Sexual Assault Allegations Against Trump Are “Man-Shaming,” Says Betsy McCaughey

Betsy McCaughey testifies before Congress on June 12, 2014.

Chip Somodevilla/Getty Images

Betsy McCaughey, the Donald Trump surrogate best known for popularizing the myth of Obamacare “death panels” in 2009, said Wednesday that all the women who have accused the candidate of sexual assault are just “man-shaming” him.

“The polls show that Americans are not buying this roll-out of accusers and this bigger theme of man-shaming,” McCaughey said on CNN Tonight With Don Lemon.
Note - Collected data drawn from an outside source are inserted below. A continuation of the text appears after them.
(* Let $T,N,N',L,L'$ be positive integers, let $\lambda\ge0$ and $\eta>0$ be real numbers, and let $p_1<p_2<\dots<p_L$ be primes with $p_i\ge 2L(L+T-1)\eta$ for every $i\in[L]$ and $p_L> LN'/L'-2L-2T+2$. Let $N_i=p_i+2L+2T-2$ for $i\in[L]$, and suppose $\lambda<\dfrac{N'-L-1/\eta}{N_L/L-N'/L'}$. Then $$\left(\frac{N_L\lambda}{L}+\sum_{i=1}^L\frac{N_i}{p_i}\right)^{-1}>\left(N'\left(\frac{\lambda}{L'}+1\right)\right)^{-1}.$$ *)

theory Defs
  imports Complex_Main "HOL-Computational_Algebra.Primes"
begin

end

theory Submission
  imports Defs
begin

text \<open>Write \<open>c = 2L + 2T - 2\<close>, so \<open>N\<^sub>i = p\<^sub>i + c\<close>. The lower bound on the primes
  says \<open>c \<le> p\<^sub>i / (L\<eta>)\<close>, hence \<open>N\<^sub>i / p\<^sub>i \<le> 1 + 1/(L\<eta>)\<close> and the sum is at most
  \<open>L + 1/\<eta>\<close>. The bound on \<open>p\<^sub>L\<close> makes \<open>N\<^sub>L/L - N'/L'\<close> positive, so multiplying out the
  bound on \<open>\<lambda>\<close> gives \<open>N\<^sub>L\<lambda>/L + \<Sum> N\<^sub>i/p\<^sub>i < N'(\<lambda>/L' + 1)\<close>; both sides are positive and
  inversion reverses the inequality. Primality of the \<open>p\<^sub>i\<close> is only needed for
  \<open>p\<^sub>i > 0\<close>.\<close>

lemma shifted_ratio_le:
  fixes x c k :: real
  assumes "0 < x" "0 < k" "c * k \<le> x"
  shows "(x + c) / x \<le> 1 + 1 / k"
proof -
  have "c / x \<le> 1 / k"
    using assms by (simp add: divide_simps mult.commute)
  moreover have "(x + c) / x = 1 + c / x"
    using assms(1) by (simp add: field_simps)
  ultimately show ?thesis by simp
qed

lemma sum_shifted_ratio_le:
  fixes x :: "'a \<Rightarrow> real" and c \<eta> :: real
  assumes "finite A" "A \<noteq> {}" "0 < \<eta>"
    and "\<And>i. i \<in> A \<Longrightarrow> 0 < x i \<and> c * (real (card A) * \<eta>) \<le> x i"
  shows "(\<Sum>i\<in>A. (x i + c) / x i) \<le> real (card A) + 1 / \<eta>"
proof -
  have card_pos: "0 < real (card A)"
    using assms(1,2) by (simp add: card_gt_0_iff)
  have "(\<Sum>i\<in>A. (x i + c) / x i) \<le> (\<Sum>i\<in>A. 1 + 1 / (real (card A) * \<eta>))"
    using assms(3,4) card_pos by (intro sum_mono shifted_ratio_le) auto
  also have "\<dots> = real (card A) + 1 / \<eta>"
    using card_pos by (simp add: field_simps)
  finally show ?thesis .
qed

lemma add_lt_of_lt_divide_diff:
  fixes a b t M S :: real
  assumes "b < a" "t < (M - S) / (a - b)"
  shows "a * t + S < b * t + M"
  using assms by (simp add: pos_less_divide_eq algebra_simps)

theorem lemma4:
  fixes T N N' L L' :: nat and lam \<eta> :: real and p :: "nat \<Rightarrow> nat"
  assumes "T > 0" "N > 0" "N' > 0" "L > 0" "L' > 0"
    and "lam \<ge> 0" "\<eta> > 0"
    and "\<And>i. i \<in> {1..L} \<Longrightarrow> prime (p i)"
    and "\<And>i j. i \<in> {1..L} \<Longrightarrow> j \<in> {1..L} \<Longrightarrow> i < j \<Longrightarrow> p i < p j"
    and "\<And>i. i \<in> {1..L} \<Longrightarrow> real (p i) \<ge> 2 * real L * (real L + real T - 1) * \<eta>"
    and "real (p L) > real L * real N' / real L' - 2 * real L - 2 * real T + 2"
    and "lam < (real N' - real L - 1 / \<eta>) /
              ((real (p L) + 2 * real L + 2 * real T - 2) / real L - real N' / real L')"
  shows "inverse ((real (p L) + 2 * real L + 2 * real T - 2) * lam / real L
                  + (\<Sum>i=1..L. (real (p i) + 2 * real L + 2 * real T - 2) / real (p i)))
         > inverse (real N' * (lam / real L' + 1))"
proof -
  define c where "c = 2 * real L + 2 * real T - 2"
  define S where "S = (\<Sum>i=1..L. (real (p i) + c) / real (p i))"
  define a where "a = (real (p L) + c) / real L"
  have N_eq: "\<And>x. x + 2 * real L + 2 * real T - 2 = x + c"
    by (simp add: c_def)
  have c_pos: "0 < c"
    using assms(1,4) by (simp add: c_def)
  have p_pos: "0 < real (p i)" if "i \<in> {1..L}" for i
    using assms(8)[OF that] prime_gt_0_nat by simp
  have S_le: "S \<le> real L + 1 / \<eta>"
    using sum_shifted_ratio_le[where A = "{1..L}" and x = "\<lambda>i. real (p i)" and c = c] assms(4,7,10) p_pos
    by (simp add: S_def c_def algebra_simps)
  have S_pos: "0 < S"
    unfolding S_def using assms(4) p_pos c_pos by (intro sum_pos) (auto intro: add_pos_pos)
  have a_gt: "real N' / real L' < a"
    using assms(4,11) by (simp add: a_def c_def field_simps)
  have "lam < (real N' - (real L + 1 / \<eta>)) / (a - real N' / real L')"
    using assms(12) unfolding N_eq a_def by (simp add: diff_diff_eq)
  also have "\<dots> \<le> (real N' - S) / (a - real N' / real L')"
    using S_le a_gt by (intro divide_right_mono) auto
  finally have "a * lam + S < real N' / real L' * lam + real N'"
    using a_gt by (rule add_lt_of_lt_divide_diff[rotated])
  moreover have "0 < a * lam + S"
    using a_gt S_pos assms(6)
    by (metis add_nonneg_pos divide_nonneg_nonneg mult_nonneg_nonneg of_nat_0_le_iff
        order.strict_trans1 order.strict_implies_order)
  ultimately have "inverse (real N' / real L' * lam + real N') < inverse (a * lam + S)"
    by (rule less_imp_inverse_less)
  then show ?thesis
    unfolding N_eq a_def S_def by (simp add: algebra_simps)
qed

end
The former lieutenant governor of New York, McCaughey compared the allegations against Trump to the disproven rape allegations in the Duke lacrosse case of 2006 and Rolling Stone’s 2014 story of a gang rape at the University of Virginia that never happened. “Think of the injustice of it … Lives are ruined, and then the truth comes out,” she said.

“Man-shaming” is a clever amalgam of mansplaining and slut-shaming, two terms women have coined to describe how men diminish and discredit them. Trump loves to shame women for their sexual behavior—it’s one of his favored tactics for bullying his detractors into silence. When he tweeted that we should all check out the “sex tape” of Alicia Machado, the former Miss Universe he reportedly called “Miss Piggy” and “Miss Housekeeping,” he was slut-shaming her for having sex on a Big Brother–like reality TV show, expecting that voters would discount her stories of Trump’s harassment because she wasn’t ashamed of her sexuality. When a porn actress and director Jessica Drake publicly accused Trump of grabbing and kissing her without her consent, Trump undermined the severity of the alleged incident by mocking her profession: “Oh, I’m sure she’s never been grabbed before,” he said.

Trump was trying to shame Machado and Drake for being people who have sex, which is nothing to be ashamed of. Reducing serious allegations of sexual assault to “man-shaming” implies that sexually victimizing women is natural male behavior—just boys being boys, talking locker-room talk and committing locker-room sex crimes. In that case, McCaughey is saying, holding men to task for sexual misdeeds is criminalizing manhood itself.

Earlier this month, McCaughey tried to defend Trump’s “grab them by the pussy” remarks by trashing Hillary Clinton’s love for Beyoncé. “I abhor rude and bawdy language. I don’t listen to rap music; I don’t like that kind of thing,” McCaughey said on CNN. She then quoted Bey’s “Formation”: “[Clinton] likes language like this: ‘I came to slay, bitch. When he f me good I take his ass to Red Lobster.’ ” I doubt even McCaughey thinks a presidential candidate listening to a pop song lyric about enjoying sex is equivalent to a presidential candidate describing how he coerces women into sexual contact, but her intended message was clear: Women who decry Trump’s treatment of women are hypocrites who want to see men suffer for being men.

The great thing about McCaughey’s spiral into linguistic acrobatics in defense of an indefensible man is she’s finally erased any lingering notions that she might be a credible political thinker. In her “death panel” days and her Philip Morris–backed criticism of the Clintons’ efforts at health care reform, McCaughey traded on her Ph.D. and scholarship in constitutional history to pass off her blatherings as legitimate analysis. Now, she’s a cable-news stooge trying to use Beyoncé lyrics and a sexist portmanteau to tamp down discussions of sexual assault. Smart career move!